Fifty years ago, the Rev. Martin Luther King, Jr. went to Memphis, Tenn., to support 1,300 striking sanitation workers battling deadly working conditions, low wages and white supremacy. The night before he was murdered standing on a hotel balcony on April 4, 1968, he told them, "We've got to give ourselves to this struggle until the end. Nothing would be more tragic than to stop at this point in Memphis. We've got to see it through." (King, "I've Been to the Mountaintop," 217)
This April 4, on the fiftieth anniversary of King's assassination, the National Council of Churches (NCC) is continuing the struggle, gathering hundreds of thousands of people on the National Mall to remember the past, recognize King's work and launch a comprehensive effort to end racism.
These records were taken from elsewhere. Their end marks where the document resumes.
lemma cos_arc_iff_greater:
  fixes a t :: real
  assumes a: "0 < a" "a < 2 * pi" and t: "0 \<le> t" "t < 2 * pi"
  shows "cos ((2 * pi - a) / 2) < cos (t - (2 * pi + a) / 2) \<longleftrightarrow> a < t"
proof -
  define \<alpha> x where "\<alpha> = (2 * pi - a) / 2" and "x = t - (2 * pi + a) / 2"
  have \<alpha>: "0 \<le> \<alpha>" "\<alpha> \<le> pi" and x: "- pi - a / 2 \<le> x" "x < \<alpha>"
    using a t by (simp_all add: \<alpha>_def x_def field_simps)
  show ?thesis
    unfolding \<alpha>_def[symmetric] x_def[symmetric]
  proof (cases "x \<ge> - pi")
    case True
    then have "\<bar>x\<bar> \<le> pi" using x \<alpha> by linarith
    then have "cos \<alpha> < cos x \<longleftrightarrow> \<bar>x\<bar> < \<alpha>"
      by (rule cos_less_cos_iff_abs_less[OF \<alpha>])
    also have "\<dots> \<longleftrightarrow> - \<alpha> < x"
      using x by auto
    also have "\<dots> \<longleftrightarrow> a < t"
      by (simp add: \<alpha>_def x_def field_simps)
    finally show "cos \<alpha> < cos x \<longleftrightarrow> a < t" .
  next
    case False
    have "\<bar>x + 2 * pi\<bar> \<le> pi" "\<not> \<bar>x + 2 * pi\<bar> < \<alpha>"
      using False x a by (auto simp: \<alpha>_def)
    then have "\<not> cos \<alpha> < cos x"
      using cos_less_cos_iff_abs_less[OF \<alpha>, of "x + 2 * pi"] by simp
    moreover have "t < a"
      using False a by (simp add: x_def field_simps)
    ultimately show "cos \<alpha> < cos x \<longleftrightarrow> a < t"
      by simp
  qed
qed

inductive trig_poly :: "(real \<Rightarrow> complex) \<Rightarrow> bool" where
  monomial: "trig_poly (\<lambda>t. c * cis (of_int k * t))"
| add: "trig_poly f \<Longrightarrow> trig_poly g \<Longrightarrow> trig_poly (\<lambda>t. f t + g t)"
(* Let $(A_i,\omega_i)$, $i=1,2$, be commutative unital baric algebras over $K$. Then the map $(I,J)\mapsto I\bowtie J=\{(a,b)\in A_1\bowtie A_2: a\in I,\ b\in J\}$ is a bijection from $\mathcal{I}(A_1,\omega_1)\times\mathcal{I}(A_2,\omega_2)$ onto $\mathcal{I}(A_1\bowtie A_2,\omega_1\bowtie\omega_2)\setminus\{\operatorname{Ker}(\omega_1\bowtie\omega_2)\}$, with inverse $I\mapsto(I_1,I_2)$.
   Context: A baric algebra over a field $K$ is a pair $(A,\omega)$ where $A$ is a (not necessarily associative) $K$-algebra and $\omega:A\to K$ is a nonzero $K$-algebra homomorphism. For baric algebras $(A_1,\omega_1),(A_2,\omega_2)$, $A_1\bowtie A_2$ denotes the vector space $A_1\oplus A_2$ with product $(a_1,a_2)(b_1,b_2)=(a_1b_1+\omega_2(b_2)a_1,\ a_2b_2+\omega_1(b_1)a_2)$, and $\omega_1\bowtie\omega_2(a_1,a_2)=\omega_1(a_1)+\omega_2(a_2)$. For a baric algebra $(A,\omega)$, $\mathcal{I}(A,\omega)$ is the set of two-sided ideals $I$ of $A$ with $I\subseteq\operatorname{Ker}\omega$. For $I\subseteq A_1\bowtie A_2$, $I_1=\{a_1:\exists a_2,\ (a_1,a_2)\in I\}$ and $I_2=\{a_2:\exists a_1,\ (a_1,a_2)\in I\}$. *)

theory Defs
  imports Main "HOL.Vector_Spaces" "HOL-Library.Product_Plus"
begin

definition is_algebra :: "('k::field \<Rightarrow> 'a::ab_group_add \<Rightarrow> 'a) \<Rightarrow> ('a \<Rightarrow> 'a \<Rightarrow> 'a) \<Rightarrow> bool" where
  "is_algebra s m \<longleftrightarrow> Vector_Spaces.vector_space s \<and>
     (\<forall>x y z. m (x + y) z = m x z + m y z) \<and>
     (\<forall>x y z. m x (y + z) = m x y + m x z) \<and>
     (\<forall>c x y. m (s c x) y = s c (m x y)) \<and>
     (\<forall>c x y. m x (s c y) = s c (m x y))"

definition alg_hom_to_field :: "('k::field \<Rightarrow> 'a::ab_group_add \<Rightarrow> 'a) \<Rightarrow> ('a \<Rightarrow> 'a \<Rightarrow> 'a) \<Rightarrow> ('a \<Rightarrow> 'k) \<Rightarrow> bool" where
  "alg_hom_to_field s m \<omega> \<longleftrightarrow>
     (\<forall>x y. \<omega> (x + y) = \<omega> x + \<omega> y) \<and>
     (\<forall>c x. \<omega> (s c x) = c * \<omega> x) \<and>
     (\<forall>x y. \<omega> (m x y) = \<omega> x * \<omega> y)"

definition baric_algebra :: "('k::field \<Rightarrow> 'a::ab_group_add \<Rightarrow> 'a) \<Rightarrow> ('a \<Rightarrow> 'a \<Rightarrow> 'a) \<Rightarrow> ('a \<Rightarrow> 'k) \<Rightarrow> bool" where
  "baric_algebra s m \<omega> \<longleftrightarrow> is_algebra s m \<and> alg_hom_to_field s m \<omega> \<and> (\<exists>x. \<omega> x \<noteq> 0)"

definition alg_commutative :: "('a \<Rightarrow> 'a \<Rightarrow> 'a) \<Rightarrow> bool" where
  "alg_commutative m \<longleftrightarrow> (\<forall>x y. m x y = m y x)"

definition alg_unital :: "('a \<Rightarrow> 'a \<Rightarrow> 'a) \<Rightarrow> bool" where
  "alg_unital m \<longleftrightarrow> (\<exists>e. \<forall>x. m e x = x \<and> m x e = x)"

definition alg_ideal :: "('k::field \<Rightarrow> 'a::ab_group_add \<Rightarrow> 'a) \<Rightarrow> ('a \<Rightarrow> 'a \<Rightarrow> 'a) \<Rightarrow> 'a set \<Rightarrow> bool" where
  "alg_ideal s m I \<longleftrightarrow> 0 \<in> I \<and>
     (\<forall>x\<in>I. \<forall>y\<in>I. x + y \<in> I) \<and>
     (\<forall>c. \<forall>x\<in>I. s c x \<in> I) \<and>
     (\<forall>x\<in>I. \<forall>y. m x y \<in> I \<and> m y x \<in> I)"

definition baric_ideals :: "('k::field \<Rightarrow> 'a::ab_group_add \<Rightarrow> 'a) \<Rightarrow> ('a \<Rightarrow> 'a \<Rightarrow> 'a) \<Rightarrow> ('a \<Rightarrow> 'k) \<Rightarrow> 'a set set" where
  "baric_ideals s m \<omega> = {I. alg_ideal s m I \<and> I \<subseteq> {x. \<omega> x = 0}}"

definition join_scale :: "('k \<Rightarrow> 'a \<Rightarrow> 'a) \<Rightarrow> ('k \<Rightarrow> 'b \<Rightarrow> 'b) \<Rightarrow> 'k \<Rightarrow> 'a \<times> 'b \<Rightarrow> 'a \<times> 'b" where
  "join_scale s1 s2 c p = (s1 c (fst p), s2 c (snd p))"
The UCC, as one of the NCC's 38 member communions, will be actively engaged in this initiative.
"April 4 is not just a solemn day of remembrance at the loss of a man who stood for justice, nonviolence, peace, civil, and human rights, but this day marks the ongoing legacy and fierce determination to continue King's work in this present moment," said the Rev. Velda Love, UCC Minister for Racial Justice. "The commitment to end racism in our nation remains at the root for many who are working tirelessly to 'give ourselves to this struggle until the end.'"
UCC churches are now mobilizing to participate in the ACT NOW! Unite to End Racism Rally on the National Mall in Washington, D.C., a three day event hosted by the National Council of Churches. Congregations are invited to register to on the NCC website, where participants can secure transportation, and book lodging.
The event begins Tuesday evening, April 3, with an ecumenical worship service. Wednesday morning, April 4, a silent prayer walk to the National Mall culminates in an interfaith prayer service which precedes the 9:00 am anti-racism rally. Thursday, April 5 is slated for advocacy and action.
The UCC is working to coordinate a central gathering location for members and churches on April 4, where they can join UCC General Minister and President the Rev. John Dorhauer for the walk and rally. He's co-chair of the NCC's Truth and Racial Justice Task Force.
"In the throes of our struggle to end racism, the voice of Martin Luther King, Jr. was silenced by a bullet. The United Church of Christ is proud to partner with the National Council of Churches not so much to commemorate his life as to perpetuate his legacy," Dorhauer said. "We will gather in D.C. in April to call this nation to heal from the sin of racism – a wound we have only healed lightly, crying 'Peace, Peace' when there is no peace."
The three day launch of the NCC campaign, #rally2endracism, begins a comprehensive, multi-year program to address racism in our nation.
"The National Council of Churches aims to bring national attention to end racism, and white privilege and supremacy in all of its forms, which threatens democracy for all," Love said. "The A.C.T. Now! Unite to End Racism campaign is call to Awaken, Confront, and Transform; to be a national model of what it means to be a Just World for All. As an observer of King's work during the Civil Rights Movement and fully aware of the impact his death left in my soul, my personal vow was to be a Drum Major for Justice."
Love is also immersed in launching a UCC curriculum that addresses racism and works to eradicate it.
"As MLK said, 'Racism is a philosophy based on contempt for life. It is the arrogant assertion that one race is the center of value and object of devotion, before which other races must kneel in submission.' (MLK, Jr.) God is the Creator of humanity and does not place one group of people above another. Sacred Conversations to End Racism is a restorative justice curriculum. Coming March 2018."